18188990. SYSTEMS AND METHODS FOR AUTOMATIC BENCHMARKING FOR RADIOLOGY simplified abstract (GE Precision Healthcare LLC)
Contents
SYSTEMS AND METHODS FOR AUTOMATIC BENCHMARKING FOR RADIOLOGY
Organization Name
Inventor(s)
Philippe Gerner of Strasbourg (FR)
María del Pilar Pujadas of Madrid (ES)
Hugo Laullier of Montpellier (FR)
SYSTEMS AND METHODS FOR AUTOMATIC BENCHMARKING FOR RADIOLOGY - A simplified explanation of the abstract
This abstract first appeared for US patent application 18188990 titled 'SYSTEMS AND METHODS FOR AUTOMATIC BENCHMARKING FOR RADIOLOGY
The patent application describes a medical system that includes a client device with a graphical user interface and a display device, connected to a network, and an analytics tool that can receive user inputs, identify values of variables of interest from a subject, generate causal graphs illustrating influences of study variables on the identified values, and update the graphs based on user inputs.
- The system includes a client device with a graphical user interface and a display device.
- An analytics tool is configured to receive user inputs and identify values of variables of interest from a subject.
- The tool can generate causal graphs illustrating influences of study variables on the identified values.
- The system can automatically update the causal graphs based on user inputs to adjust study variables.
Potential Applications: - Medical research and analysis - Clinical decision support systems - Healthcare data visualization
Problems Solved: - Providing a visual representation of the influences of study variables on specific values of interest - Automating the updating process of causal graphs based on user inputs
Benefits: - Enhanced understanding of complex medical data - Improved decision-making in healthcare settings - Efficient analysis of variables of interest in medical research
Commercial Applications: Title: "Advanced Medical Data Analysis System" This technology could be used in medical research institutions, hospitals, and healthcare organizations to improve data analysis and decision-making processes.

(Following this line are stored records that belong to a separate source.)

lemma norm_add_scaled_orthogonal_unit:
  fixes x z :: "'a::real_inner"
  assumes "x \<bullet> z = 0" and "z \<noteq> 0" and "norm x \<le> \<gamma>"
  shows "norm (x + sqrt (\<gamma>\<^sup>2 - (norm x)\<^sup>2) *\<^sub>R ((1 / norm z) *\<^sub>R z)) = \<gamma>"
proof -
  define s where "s = sqrt (\<gamma>\<^sup>2 - (norm x)\<^sup>2)"
  have "s\<^sup>2 = \<gamma>\<^sup>2 - (norm x)\<^sup>2"
    unfolding s_def using assms(3) norm_ge_zero[of x] by (simp add: power_mono)
  moreover have "(norm ((1 / norm z) *\<^sub>R z))\<^sup>2 = 1"
    using assms(2) by simp
  ultimately have "(norm (x + s *\<^sub>R ((1 / norm z) *\<^sub>R z)))\<^sup>2 = \<gamma>\<^sup>2"
    using assms(1) unfolding power2_norm_eq_inner
    by (simp add: inner_add_left inner_add_right inner_commute power2_eq_square)
  then show ?thesis
    unfolding s_def using assms(3) norm_ge_zero[of x] by simp
qed

text \<open>Compare \<open>u\<close> with its reflection in the hyperplane orthogonal to \<open>d\<close>.\<close>
lemma trs_reflection_inequality:
  fixes B :: "real^'n^'n"
  assumes "transpose B = B" and "subspace S" and "trs_minimizer B g S \<gamma> u"
    and "d \<in> S" and "0 < u \<bullet> d"
  shows "(d \<bullet> (B *v u + g)) * (d \<bullet> d) \<le> (u \<bullet> d) * (d \<bullet> (B *v d))"
proof -
  define s where "s = - 2 * (u \<bullet> d) / (d \<bullet> d)"
  have "d \<noteq> 0"
    using assms(5) by auto
  then have dd: "0 < d \<bullet> d"
    by simp
  have "norm (u + s *\<^sub>R d) = \<gamma>"
    using assms(3) norm_add_reflection[of s d u] dd unfolding trs_minimizer_def s_def
    by (simp add: inner_commute)
  moreover have "u + s *\<^sub>R d \<in> S"
    using assms(2-4) unfolding trs_minimizer_def by (simp add: subspace_add subspace_scale)
  ultimately have "0 \<le> 2 * s * (d \<bullet> (B *v u + g)) + s\<^sup>2 * (d \<bullet> (B *v d))"
    using assms(3) trs_objective_add_scaled[OF assms(1), of g u s d]
    unfolding trs_minimizer_def by fastforce
  also have "\<dots> = (4 * (u \<bullet> d) / (d \<bullet> d)\<^sup>2)
      * ((u \<bullet> d) * (d \<bullet> (B *v d)) - (d \<bullet> (B *v u + g)) * (d \<bullet> d))"
    unfolding s_def using dd by (simp add: field_simps power2_eq_square)
  finally show ?thesis
    using assms(5) dd by (simp add: zero_le_divide_iff zero_le_mult_iff)
qed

It could also be valuable for pharmaceutical companies conducting clinical trials.
Prior Art: Researchers in the field of medical informatics and data visualization have explored similar concepts in the past. Studies on causal relationships in healthcare data and the use of graphical representations for analysis can be found in academic literature.
Frequently Updated Research: As medical data analysis techniques continue to evolve, researchers are exploring new methods for visualizing complex datasets and improving the accuracy of predictive models in healthcare settings.

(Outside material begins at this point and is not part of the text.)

(* Let $G$, $P$, $n$, $\alpha$, $n'$, $\zeta$, $\mathcal C_{\mathrm{pool}}$ and $P(\mathbf c)$ be as in the context, and let $\bar P_{\max}=\max_{\mathbf c\in\mathcal C_{\mathrm{pool}}}P(\mathbf c)$. Then $$\bar P_{\max}\le\frac{2^{-2\alpha n\zeta\sum_{e\in E}\log_2 p(\tau(e)\mid\sigma(e))}}{|\mathcal C_{\mathrm{pool}}|}.$$
   Context: $G=(V,E,L)$ is a deterministic, lossless, primitive labeled directed graph over a finite alphabet $\Sigma$; edge $e$ has initial vertex $\sigma(e)$, terminal vertex $\tau(e)$, label $L(e)$. $P$ is a probability mass function on $E$ with $P(e)>0$ for all $e$, stationary: with $\pi(u)=\sum_{e:\sigma(e)=u}P(e)$, $\pi(u)=\sum_{e:\tau(e)=u}P(e)$. Write $p(\tau(e)\mid\sigma(e))=P(e)/\pi(\sigma(e))$; $P_{\min}=\min_eP(e)$. $n$ is a positive integer with $nP(e)\in\mathbb Z$ for all $e$; $\alpha\in(0,1)$, $n'=\lfloor\alpha n\rfloor$, $0<\zeta<\frac{1-\alpha}{\alpha}P_{\min}$, $v_{\mathrm{root}}\in V$ fixed. $\mathcal W$ is the set of paths $\mathbf w=(e_1,\dots,e_{n'})$ with $\sigma(e_1)=v_{\mathrm{root}}$ and $|S_{\mathbf w}(e)/n'-P(e)|<\zeta$ for all $e$, where $S_{\mathbf w}(e)$ counts occurrences of $e$ in $\mathbf w$. For $\mathbf w\in\mathcal W$ ending at $v_{\mathrm{end}}$, the multigraph with $nP(e)-S_{\mathbf w}(e)>0$ copies of each $e$ has an Eulerian path from $v_{\mathrm{end}}$ to $v_{\mathrm{root}}$; $\Phi(\mathbf w)$ is the lexicographically first. $\mathcal C_{\mathrm{pool}}=\{L(\mathbf w\|\Phi(\mathbf w)):\mathbf w\in\mathcal W\}$; each codeword $\mathbf c$ has a unique prefix $\mathbf w$, and $P(\mathbf c)=\prod_{i=1}^{n'}p(\tau(e_i)\mid\sigma(e_i))$, the probability that a length-$n'$ random walk governed by $P$ from $v_{\mathrm{root}}$ (choosing edge $e$ out of $u$ with probability $P(e)/\pi(u)$) equals that prefix. *)

theory Defs
  imports Complex_Main
begin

Questions about Medical Data Analysis Systems: 1. How does this system improve upon traditional methods of medical data analysis? This system enhances traditional methods by providing visual representations of causal relationships between study variables and values of interest, allowing for more intuitive data interpretation.
2. What are the potential limitations of using causal graphs in medical research and analysis? Causal graphs may oversimplify complex relationships in medical data, leading to potential biases or inaccuracies in the analysis. Researchers should carefully consider the context and limitations of causal graph representations in their studies.

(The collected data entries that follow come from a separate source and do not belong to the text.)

lemma obtain_spanning_family:
  obtains b :: "nat \<Rightarrow> 'a" where "\<And>u. \<exists>e. (\<forall>k<n. e k \<in> F) \<and> u = (\<Sum>k<n. e k * b k)"
proof -
  obtain b :: "nat \<Rightarrow> 'a" where "bij_betw (\<lambda>c. \<Sum>i<n. c i * b i)
     {c. (\<forall>i<n. c i \<in> F) \<and> (\<forall>i\<ge>n. c i = 0)} UNIV"
    using F_ext_degree unfolding ext_degree_def by blast
  then have "\<exists>e. (\<forall>k<n. e k \<in> F) \<and> u = (\<Sum>k<n. e k * b k)" for u
    by (fastforce dest: bij_betw_imp_surj_on)
  then show thesis by (rule that)
qed

lemma tau_pow_on_spanning_family_independent:
  assumes span: "\<And>u. \<exists>e. (\<forall>k<n. e k \<in> F) \<and> u = (\<Sum>k<n. e k * b k)"
    and relation: "\<forall>k<n. (\<Sum>j<n. c j * (\<tau> ^^ j) (b k)) = 0"
  shows "\<forall>j<n. c j = 0"
proof -
  have "(\<Sum>j<n. c j * (\<tau> ^^ j) u) = 0" for u
  proof -
    obtain e where e: "\<forall>k<n. e k \<in> F" "u = (\<Sum>k<n. e k * b k)" using span by blast
    have "(\<Sum>j<n. c j * (\<tau> ^^ j) u) = (\<Sum>j<n. \<Sum>k<n. e k * (c j * (\<tau> ^^ j) (b k)))"
      unfolding e(2) tau_pow_F_combination[OF e(1)] by (simp add: sum_distrib_left mult.left_commute)
    also have "\<dots> = (\<Sum>k<n. e k * (\<Sum>j<n. c j * (\<tau> ^^ j) (b k)))"
      by (subst sum.swap) (simp add: sum_distrib_left)
    also have "\<dots> = 0" using relation by simp
    finally show ?thesis .
  qed
  then show ?thesis
    using Gal_linear_independent[OF _ inj_on_tau_pow tau_pow_Gal] by blast
qed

Original Abstract Submitted
Various methods and systems are provided for a medical system, comprising a client device having a graphical user interface (GUI) and a display device, the client device operably coupled to a network, and an analytics tool configured with instructions stored on a memory and executable by a processor to receive a first user input via the client device, identify values of at least one variable of interest (VOI) from a subject of a benchmark target variable which differ by at least a first threshold amount from other values of the same VOI from other subjects of the benchmark target variable within a benchmarking context, generate and output for display on the display device a causal graph illustrating influences of different study variables on an identified VOI value, and automatically update the causal graph and display thereof based on a second user input to adjust at least one study variable.